Before I can get a bead on either of them, decide who is the greater threat and eliminate them, I hear rapid gunfire and raised voices. It seems my cavalry has arrived, and knowing Logan, he is pissed beyond measure.

The Virgin’s shadow, stretched long and thin by the moonlight, drapes over us as the wind rises again, bringing with it the faint, lingering echo of a bell whose chime has not sounded for centuries.

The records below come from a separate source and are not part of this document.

(* Let $(p_n)_{n\in\mathbb N}\subset\mathbb R$ and suppose there are constants $C>0$, $\theta_0\ge0$ with $|p_n|\le C\lambda_n^{\theta_0}$ for all $n\in\mathbb N$. Let $(\ell_m)_{m\in\mathbb N}\subset\mathbb N$ satisfy $\lim_{m\to\infty}\ell_m=\infty$. If for every $m\in\mathbb N$ the series $\sum_{n=1}^\infty p_n\lambda_n^{-\ell_m}$ converges and equals $0$, then $p_n=0$ for all $n\in\mathbb N$.
   Context: $\Omega\subset\mathbb{R}^d$ is a bounded domain with smooth boundary; $A v=-\sum_{i,j=1}^d\partial_i(a_{ij}\partial_jv)-cv$ with $a_{ij}=a_{ji}$, $c$ sufficiently smooth on $\overline\Omega$, $c\le0$, uniformly elliptic, $\mathcal D(A)=H^2(\Omega)\cap H^1_0(\Omega)$. $0<\lambda_1<\lambda_2<\cdots\to\infty$ denote the distinct eigenvalues of $A$ (each of finite multiplicity). *)

theory Defs
  imports "HOL-Analysis.Analysis"
begin

text \<open>Abstraction of the sequence of distinct eigenvalues
  0 < lambda_1 < lambda_2 < ... tending to infinity (indexed from 0 here).\<close>
definition eigenvalue_seq :: "(nat \<Rightarrow> real) \<Rightarrow> bool" where
  "eigenvalue_seq lam \<longleftrightarrow> (\<forall>n. 0 < lam n) \<and> strict_mono lam \<and> filterlim lam at_top sequentially"

end

theory Submission
  imports Defs
begin

text \<open>Multiplying the vanishing series by the decreasing weights lam n ^ -k does not change
  the bound 2B on its partial sums from index N+1 on (Abel summation, B a bound for the tails
  of the l 0 series), while the leading term p N grows like (lam (N+1) / lam N) ^ k relative
  to them. Hence p N = 0 once all earlier coefficients vanish.\<close>

lemma abel_summation_bound:
  fixes a w T :: "nat \<Rightarrow> real"
  assumes T: "\<And>n. T n = a n + T (Suc n)"
    and TB: "\<And>n. \<bar>T n\<bar> \<le> B"
    and wd: "\<And>n. w (Suc n) \<le> w n" and wp: "\<And>n. 0 \<le> w n"
  shows "\<bar>\<Sum>i\<le>k. a (j+i) * w (j+i)\<bar> \<le> 2 * B * w j"
proof -
  have partial: "\<bar>(\<Sum>i\<le>k. a (j+i) * w (j+i)) + T (Suc (j+k)) * w (j+k)\<bar> \<le> B * (2 * w j - w (j+k))"
    for k
  proof (induction k)
    case 0
    have "a j * w j + T (Suc j) * w j = T j * w j" using T[of j] by (simp add: distrib_right)
    moreover have "\<bar>T j * w j\<bar> \<le> B * w j"
      using TB[of j] wp[of j] by (simp add: abs_mult mult_right_mono)
    ultimately show ?case by simp
  next
    case (Suc k)
    have eq: "(\<Sum>i\<le>Suc k. a (j+i) * w (j+i)) + T (Suc (j+Suc k)) * w (j+Suc k)
       = ((\<Sum>i\<le>k. a (j+i) * w (j+i)) + T (Suc (j+k)) * w (j+k)) + T (Suc (j+k)) * (w (Suc (j+k)) - w (j+k))"
      using T[of "Suc (j+k)"] by (simp add: algebra_simps)
    have "\<bar>T (Suc (j+k)) * (w (Suc (j+k)) - w (j+k))\<bar> \<le> B * (w (j+k) - w (Suc (j+k)))"
      using TB[of "Suc (j+k)"] wd[of "j+k"] by (simp add: abs_mult mult_right_mono)
    moreover have "B * (2 * w j - w (j+k)) + B * (w (j+k) - w (Suc (j+k))) = B * (2 * w j - w (j + Suc k))"
      by (simp add: algebra_simps)
    ultimately show ?case
      unfolding eq using Suc abs_triangle_ineq[of "(\<Sum>i\<le>k. a (j+i) * w (j+i)) + T (Suc (j+k)) * w (j+k)"
          "T (Suc (j+k)) * (w (Suc (j+k)) - w (j+k))"]
      by linarith
  qed
  have "\<bar>T (Suc (j+k)) * w (j+k)\<bar> \<le> B * w (j+k)"
    using TB[of "Suc (j+k)"] wp[of "j+k"] by (simp add: abs_mult mult_right_mono)
  moreover have "B * (2 * w j - w (j+k)) + B * w (j+k) = 2 * B * w j" by (simp add: algebra_simps)
  ultimately show ?thesis using partial[of k] by linarith
qed

lemma summable_tails_bounded:
  fixes a :: "nat \<Rightarrow> real"
  assumes "summable a"
  obtains B where "\<And>n. \<bar>\<Sum>k. a (k + n)\<bar> \<le> B"
proof -
  have "(\<lambda>n. \<Sum>k. a (k + n)) = (\<lambda>n. suminf a - (\<Sum>i<n. a i))"
    using suminf_minus_initial_segment[OF assms] by (simp add: fun_eq_iff)
  moreover have "(\<lambda>n. suminf a - (\<Sum>i<n. a i)) \<longlonglongrightarrow> suminf a - suminf a"
    by (intro tendsto_diff tendsto_const summable_LIMSEQ assms)
  ultimately have "Bseq (\<lambda>n. \<Sum>k. a (k + n))" by (auto intro: convergent_imp_Bseq convergentI)
  then obtain B where "\<And>n. norm (\<Sum>k. a (k + n)) \<le> B" by (metis BseqE)
  then show ?thesis using that unfolding real_norm_def by blast
qed

lemma suminf_tail_Suc:
  fixes a :: "nat \<Rightarrow> real"
  assumes "summable a"
  shows "(\<Sum>k. a (k + n)) = a n + (\<Sum>k. a (k + Suc n))"
  using suminf_split_head[OF summable_ignore_initial_segment[OF assms, of n]] by simp

lemma weighted_series_leading_term_bound:
  fixes a w :: "nat \<Rightarrow> real"
  assumes sa: "summable a" and TB: "\<And>n. \<bar>\<Sum>k. a (k + n)\<bar> \<le> B"
    and wd: "\<And>n. w (Suc n) \<le> w n" and wp: "\<And>n. 0 \<le> w n"
    and sums0: "(\<lambda>n. a n * w n) sums 0" and below: "\<And>i. i < N \<Longrightarrow> a i = 0"
  shows "\<bar>a N * w N\<bar> \<le> 2 * B * w (Suc N)"
proof -
  define b where "b n = a n * w n" for n
  have "(\<Sum>i<N. b i) = 0" using below by (simp add: b_def)
  moreover have "b sums 0" using sums0 by (simp add: b_def[abs_def])
  ultimately have "(\<lambda>i. b (i + N)) sums 0" using sums_iff_shift[of b N 0] by simp
  then have lim: "(\<lambda>K. \<bar>\<Sum>i<K. b (i + N)\<bar>) \<longlonglongrightarrow> 0"
    unfolding sums_def using tendsto_rabs by fastforce
  have "\<bar>b N\<bar> - 2 * B * w (Suc N) \<le> \<bar>\<Sum>i<Suc (Suc q). b (i + N)\<bar>" for q
  proof -
    have "(\<Sum>i<Suc (Suc q). b (i + N)) = b N + (\<Sum>i\<le>q. b (Suc N + i))"
      by (subst sum.lessThan_Suc_shift) (simp add: lessThan_Suc_atMost add.commute)
    moreover have "\<bar>\<Sum>i\<le>q. b (Suc N + i)\<bar> \<le> 2 * B * w (Suc N)"
      unfolding b_def using abel_summation_bound[of "\<lambda>n. \<Sum>k. a (k + n)" a B w "Suc N" q, OF suminf_tail_Suc[OF sa] TB wd wp] .
    ultimately show ?thesis by linarith
  qed
  then have "\<forall>K\<ge>2. \<bar>b N\<bar> - 2 * B * w (Suc N) \<le> \<bar>\<Sum>i<K. b (i + N)\<bar>"
    by (metis add_2_eq_Suc le_Suc_ex)
  then have "\<bar>b N\<bar> - 2 * B * w (Suc N) \<le> 0" by (intro LIMSEQ_le_const[OF lim]) blast
  then show ?thesis by (simp add: b_def)
qed

lemma coefficient_bound_by_eigenvalue_ratio:
  fixes lam p :: "nat \<Rightarrow> real"
  assumes lp: "\<And>n. 0 < lam n" and sm: "strict_mono lam"
    and sa: "summable (\<lambda>n. p n / lam n ^ L)" and TB: "\<And>n. \<bar>\<Sum>k. p (k + n) / lam (k + n) ^ L\<bar> \<le> B"
    and sums0: "(\<lambda>n. p n / lam n ^ (L + k)) sums 0" and below: "\<And>i. i < N \<Longrightarrow> p i = 0"
  shows "\<bar>p N\<bar> \<le> 2 * B * lam N ^ L * (lam N / lam (Suc N)) ^ k"
proof -
  define w where "w n = 1 / lam n ^ k" for n
  have wd: "w (Suc n) \<le> w n" for n
    unfolding w_def using lp[of n] strict_monoD[OF sm, of n "Suc n"]
    by (auto intro!: divide_left_mono power_mono mult_pos_pos)
  have wp: "0 \<le> w n" for n unfolding w_def using lp[of n] by simp
  have "(\<lambda>n. p n / lam n ^ L * w n) sums 0"
    using sums0 by (simp add: w_def power_add)
  then have "\<bar>p N / lam N ^ L * w N\<bar> \<le> 2 * B * w (Suc N)"
    using weighted_series_leading_term_bound[of "\<lambda>n. p n / lam n ^ L" B w N, OF sa TB wd wp] below by simp
  then have "\<bar>p N\<bar> / lam N ^ (L + k) \<le> 2 * B / lam (Suc N) ^ k"
    unfolding w_def using lp[of N] by (simp add: abs_divide power_add)
  then show ?thesis
    using lp[of N] by (simp add: divide_le_eq power_add power_divide)
qed

lemma filterlim_minus_const_nat_at_top:
  fixes f :: "'a \<Rightarrow> nat"
  assumes "filterlim f at_top F"
  shows "filterlim (\<lambda>x. f x - c) at_top F"
  unfolding filterlim_at_top
proof
  fix Z
  have "eventually (\<lambda>x. Z + c \<le> f x) F" using assms by (simp add: filterlim_at_top)
  then show "eventually (\<lambda>x. Z \<le> f x - c) F" by (rule eventually_mono) simp
qed

lemma coefficients_zero_if_inverse_power_series_vanish:
  fixes lam p :: "nat \<Rightarrow> real" and l :: "nat \<Rightarrow> nat"
  assumes lp: "\<And>n. 0 < lam n" and sm: "strict_mono lam"
    and l: "filterlim l at_top sequentially"
    and sums0: "\<And>m. (\<lambda>n. p n / lam n ^ l m) sums 0"
  shows "p N = 0"
proof -
  define L where "L = l 0"
  have sa: "summable (\<lambda>n. p n / lam n ^ L)" using sums0[of 0] by (simp add: L_def sums_summable)
  obtain B where TB: "\<And>n. \<bar>\<Sum>k. p (k + n) / lam (k + n) ^ L\<bar> \<le> B"
    using summable_tails_bounded[OF sa] by blast
  have k: "filterlim (\<lambda>M. l M - L) at_top sequentially"
    using filterlim_minus_const_nat_at_top[OF l] .
  show ?thesis
  proof (induction N rule: less_induct)
    case (less N)
    define r where "r = lam N / lam (Suc N)"
    have r: "0 < r" "r < 1"
      using lp[of N] lp[of "Suc N"] strict_monoD[OF sm, of N "Suc N"] by (auto simp: r_def)
    have "(\<lambda>M. 2 * B * lam N ^ L * r ^ (l M - L)) \<longlonglongrightarrow> 2 * B * lam N ^ L * 0"
      using r by (intro tendsto_mult_left filterlim_compose[OF LIMSEQ_power_zero k]) auto
    moreover have "eventually (\<lambda>M. \<bar>p N\<bar> \<le> 2 * B * lam N ^ L * r ^ (l M - L)) sequentially"
    proof -
      have "eventually (\<lambda>M. L \<le> l M) sequentially" using l by (simp add: filterlim_at_top)
      then show ?thesis
      proof eventually_elim
        case (elim M)
        then have "(\<lambda>n. p n / lam n ^ (L + (l M - L))) sums 0" using sums0[of M] by simp
        then show ?case unfolding r_def
          using coefficient_bound_by_eigenvalue_ratio[OF lp sm sa TB] less.IH by blast
      qed
    qed
    ultimately have "\<bar>p N\<bar> \<le> 0" by (intro tendsto_le[OF _ _ tendsto_const]) auto
    then show ?case by simp
  qed
qed

theorem lemma5:
  fixes lam :: "nat \<Rightarrow> real" and p :: "nat \<Rightarrow> real" and l :: "nat \<Rightarrow> nat"
    and C \<theta>0 :: real
  assumes "eigenvalue_seq lam"
    and "C > 0" and "\<theta>0 \<ge> 0"
    and "\<And>n. \<bar>p n\<bar> \<le> C * lam n powr \<theta>0"
    and "filterlim l at_top sequentially"
    and "\<And>m. (\<lambda>n. p n * lam n powr (- real (l m))) sums 0"
  shows "\<forall>n. p n = 0"
proof
  fix N
  have lp: "\<And>n. 0 < lam n" and sm: "strict_mono lam"
    using assms(1) unfolding eigenvalue_seq_def by auto
  have "p n * lam n powr (- real (l m)) = p n / lam n ^ l m" for n m
    using lp[of n] by (simp add: powr_minus powr_realpow divide_inverse)
  then have "(\<lambda>n. p n / lam n ^ l m) sums 0" for m using assms(6)[of m] by simp
  then show "p N = 0"
    using coefficients_zero_if_inverse_power_series_vanish[OF lp sm assms(5)] by blast
qed

end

Choice. Finality. Redemption. I don’t know yet which one this night will give me—but I know I’ve stopped running from all three.

20

LOGAN

The world tilts as consciousness slams back into me, the metallic tang of betrayal still on my tongue. My head pounds, muscles sluggish from the sleeping draught. Across from me, Archer groans and pushes upright, Darius swearing under his breath as he shakes off the fog. We’ve been played—and we all know by whom.

Before we can curse her name, my comm crackles. Fitz’s Scottish clipped brogue cuts through the haze: “Hunter, confirm—are you receiving? Wolfe’s alive."